• Task instructions: All lines in the records below with the word "gives" must be returned.

• Stored items:
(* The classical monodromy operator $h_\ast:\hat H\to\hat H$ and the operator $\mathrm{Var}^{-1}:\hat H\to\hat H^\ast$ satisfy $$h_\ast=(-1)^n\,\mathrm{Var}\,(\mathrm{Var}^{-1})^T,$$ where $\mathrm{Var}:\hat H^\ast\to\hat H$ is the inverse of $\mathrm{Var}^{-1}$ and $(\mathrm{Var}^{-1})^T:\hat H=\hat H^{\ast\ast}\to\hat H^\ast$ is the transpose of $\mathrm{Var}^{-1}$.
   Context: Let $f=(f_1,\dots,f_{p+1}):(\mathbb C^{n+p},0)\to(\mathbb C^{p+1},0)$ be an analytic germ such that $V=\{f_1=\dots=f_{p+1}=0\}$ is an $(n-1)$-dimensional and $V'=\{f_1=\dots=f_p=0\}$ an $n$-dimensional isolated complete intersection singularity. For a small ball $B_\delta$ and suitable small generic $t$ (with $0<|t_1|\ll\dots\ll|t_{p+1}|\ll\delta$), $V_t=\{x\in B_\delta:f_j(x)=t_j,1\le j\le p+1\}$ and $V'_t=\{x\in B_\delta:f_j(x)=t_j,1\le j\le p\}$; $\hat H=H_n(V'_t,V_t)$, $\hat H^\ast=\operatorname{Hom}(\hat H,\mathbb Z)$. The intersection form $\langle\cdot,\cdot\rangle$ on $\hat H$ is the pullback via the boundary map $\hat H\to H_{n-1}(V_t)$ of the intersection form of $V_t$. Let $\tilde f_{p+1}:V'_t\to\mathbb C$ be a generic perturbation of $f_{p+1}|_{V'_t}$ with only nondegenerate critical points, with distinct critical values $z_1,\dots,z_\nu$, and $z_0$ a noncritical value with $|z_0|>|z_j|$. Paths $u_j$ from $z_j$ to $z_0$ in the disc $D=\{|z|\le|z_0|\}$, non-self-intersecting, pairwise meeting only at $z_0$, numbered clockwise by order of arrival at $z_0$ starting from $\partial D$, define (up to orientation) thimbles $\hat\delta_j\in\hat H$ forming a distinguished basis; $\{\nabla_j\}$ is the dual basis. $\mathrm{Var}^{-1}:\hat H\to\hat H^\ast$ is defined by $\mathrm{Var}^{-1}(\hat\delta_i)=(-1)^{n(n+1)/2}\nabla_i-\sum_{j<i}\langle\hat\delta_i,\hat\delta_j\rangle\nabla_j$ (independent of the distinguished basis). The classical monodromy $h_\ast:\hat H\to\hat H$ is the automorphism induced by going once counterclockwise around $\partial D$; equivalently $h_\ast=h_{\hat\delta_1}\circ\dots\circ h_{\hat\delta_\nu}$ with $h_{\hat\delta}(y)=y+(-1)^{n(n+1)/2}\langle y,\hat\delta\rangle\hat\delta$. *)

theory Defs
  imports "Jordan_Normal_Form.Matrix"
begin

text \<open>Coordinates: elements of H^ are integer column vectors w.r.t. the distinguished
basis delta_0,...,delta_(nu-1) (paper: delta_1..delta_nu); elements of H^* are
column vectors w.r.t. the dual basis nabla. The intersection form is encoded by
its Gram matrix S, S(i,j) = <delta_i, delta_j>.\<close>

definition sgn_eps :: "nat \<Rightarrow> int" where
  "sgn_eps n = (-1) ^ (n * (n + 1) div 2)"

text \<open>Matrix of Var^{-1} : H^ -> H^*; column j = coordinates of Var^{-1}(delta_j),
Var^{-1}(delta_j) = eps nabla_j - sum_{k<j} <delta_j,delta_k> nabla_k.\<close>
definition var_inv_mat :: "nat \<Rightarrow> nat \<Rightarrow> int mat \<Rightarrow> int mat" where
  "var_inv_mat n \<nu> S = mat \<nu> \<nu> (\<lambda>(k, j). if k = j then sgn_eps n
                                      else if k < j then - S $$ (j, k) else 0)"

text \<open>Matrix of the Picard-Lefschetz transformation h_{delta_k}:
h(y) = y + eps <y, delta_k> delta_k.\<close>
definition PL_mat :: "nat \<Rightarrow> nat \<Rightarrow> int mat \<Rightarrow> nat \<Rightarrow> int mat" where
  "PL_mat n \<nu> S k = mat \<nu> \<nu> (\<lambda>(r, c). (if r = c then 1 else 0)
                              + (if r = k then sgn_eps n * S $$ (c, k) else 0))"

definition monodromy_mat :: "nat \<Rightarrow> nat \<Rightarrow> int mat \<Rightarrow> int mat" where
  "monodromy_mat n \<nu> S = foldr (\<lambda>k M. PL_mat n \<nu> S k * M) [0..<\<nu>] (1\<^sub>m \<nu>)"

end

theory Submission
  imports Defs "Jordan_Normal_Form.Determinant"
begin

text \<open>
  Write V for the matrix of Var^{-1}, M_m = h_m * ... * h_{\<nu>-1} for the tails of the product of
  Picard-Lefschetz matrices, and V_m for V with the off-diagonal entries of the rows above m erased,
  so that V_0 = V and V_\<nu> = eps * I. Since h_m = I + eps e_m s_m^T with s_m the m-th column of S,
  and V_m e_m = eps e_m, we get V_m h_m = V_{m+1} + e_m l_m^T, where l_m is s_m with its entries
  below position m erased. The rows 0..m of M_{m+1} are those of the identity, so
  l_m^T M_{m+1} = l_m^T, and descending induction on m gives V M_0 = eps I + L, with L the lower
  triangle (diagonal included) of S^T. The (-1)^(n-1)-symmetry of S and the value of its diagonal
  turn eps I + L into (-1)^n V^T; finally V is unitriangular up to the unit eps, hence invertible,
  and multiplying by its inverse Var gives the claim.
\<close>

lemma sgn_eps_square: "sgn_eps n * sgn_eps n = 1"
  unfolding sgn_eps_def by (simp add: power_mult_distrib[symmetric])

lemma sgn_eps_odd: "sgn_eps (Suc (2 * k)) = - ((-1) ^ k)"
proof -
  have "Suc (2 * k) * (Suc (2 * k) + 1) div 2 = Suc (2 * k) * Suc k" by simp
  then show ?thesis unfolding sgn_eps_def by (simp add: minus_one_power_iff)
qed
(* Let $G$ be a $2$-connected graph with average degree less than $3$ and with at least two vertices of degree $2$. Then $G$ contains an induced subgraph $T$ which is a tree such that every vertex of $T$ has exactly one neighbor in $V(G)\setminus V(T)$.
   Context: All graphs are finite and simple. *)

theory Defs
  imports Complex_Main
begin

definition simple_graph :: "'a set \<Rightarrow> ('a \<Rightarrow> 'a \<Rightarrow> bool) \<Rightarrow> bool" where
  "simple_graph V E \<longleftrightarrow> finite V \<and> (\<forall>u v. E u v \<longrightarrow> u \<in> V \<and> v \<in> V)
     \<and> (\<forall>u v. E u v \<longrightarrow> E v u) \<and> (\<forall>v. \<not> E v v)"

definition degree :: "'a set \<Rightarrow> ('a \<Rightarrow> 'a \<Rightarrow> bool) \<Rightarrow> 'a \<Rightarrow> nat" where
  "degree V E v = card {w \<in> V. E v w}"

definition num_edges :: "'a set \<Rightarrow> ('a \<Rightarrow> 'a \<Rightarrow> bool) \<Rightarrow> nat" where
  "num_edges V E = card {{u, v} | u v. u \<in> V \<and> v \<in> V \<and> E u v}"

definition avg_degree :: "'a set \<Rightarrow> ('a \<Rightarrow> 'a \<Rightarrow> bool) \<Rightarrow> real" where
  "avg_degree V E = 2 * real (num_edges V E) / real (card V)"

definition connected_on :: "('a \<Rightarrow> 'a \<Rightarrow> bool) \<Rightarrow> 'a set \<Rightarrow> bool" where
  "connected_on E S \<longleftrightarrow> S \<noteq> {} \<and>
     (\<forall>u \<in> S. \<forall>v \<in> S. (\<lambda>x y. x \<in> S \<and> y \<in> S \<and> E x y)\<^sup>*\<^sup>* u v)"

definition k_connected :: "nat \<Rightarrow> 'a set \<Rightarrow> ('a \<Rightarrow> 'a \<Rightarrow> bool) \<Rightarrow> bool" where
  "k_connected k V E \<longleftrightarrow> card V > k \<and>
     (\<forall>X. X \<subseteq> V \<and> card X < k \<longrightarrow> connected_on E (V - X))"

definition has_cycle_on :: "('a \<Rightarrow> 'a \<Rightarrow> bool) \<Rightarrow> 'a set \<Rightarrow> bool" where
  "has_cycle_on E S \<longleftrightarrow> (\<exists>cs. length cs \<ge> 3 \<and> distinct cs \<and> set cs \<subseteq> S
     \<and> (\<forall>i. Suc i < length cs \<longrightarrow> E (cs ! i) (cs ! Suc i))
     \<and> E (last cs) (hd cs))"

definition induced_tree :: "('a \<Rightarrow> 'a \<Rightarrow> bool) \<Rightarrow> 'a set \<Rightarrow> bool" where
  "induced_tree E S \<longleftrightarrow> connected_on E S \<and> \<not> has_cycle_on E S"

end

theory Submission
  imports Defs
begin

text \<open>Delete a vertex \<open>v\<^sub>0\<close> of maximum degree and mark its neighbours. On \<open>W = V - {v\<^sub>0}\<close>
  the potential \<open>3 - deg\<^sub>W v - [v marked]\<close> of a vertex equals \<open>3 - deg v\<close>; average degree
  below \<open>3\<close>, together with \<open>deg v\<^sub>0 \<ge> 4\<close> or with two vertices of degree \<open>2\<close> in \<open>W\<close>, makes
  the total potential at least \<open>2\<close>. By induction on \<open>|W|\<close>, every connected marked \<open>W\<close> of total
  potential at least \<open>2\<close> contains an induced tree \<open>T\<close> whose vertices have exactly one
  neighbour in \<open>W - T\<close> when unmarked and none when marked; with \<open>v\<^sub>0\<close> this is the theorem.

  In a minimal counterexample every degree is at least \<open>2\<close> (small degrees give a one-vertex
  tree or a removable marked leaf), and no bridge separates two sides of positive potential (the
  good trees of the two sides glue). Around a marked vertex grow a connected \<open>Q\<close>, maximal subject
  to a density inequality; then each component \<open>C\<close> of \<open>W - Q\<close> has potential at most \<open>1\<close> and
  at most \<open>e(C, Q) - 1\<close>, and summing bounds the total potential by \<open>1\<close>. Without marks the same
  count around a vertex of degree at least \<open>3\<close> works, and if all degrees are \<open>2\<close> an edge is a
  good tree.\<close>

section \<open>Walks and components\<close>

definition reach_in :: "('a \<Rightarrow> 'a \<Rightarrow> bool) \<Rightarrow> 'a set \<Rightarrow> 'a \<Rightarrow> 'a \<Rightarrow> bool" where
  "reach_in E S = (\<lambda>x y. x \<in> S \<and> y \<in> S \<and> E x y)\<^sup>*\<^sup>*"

• Response to this task:
  l_m^T M_{m+1} = l_m^T, and descending induction on m gives V M_0 = eps I + L, with L the lower
  and multiplying by its inverse Var gives the claim.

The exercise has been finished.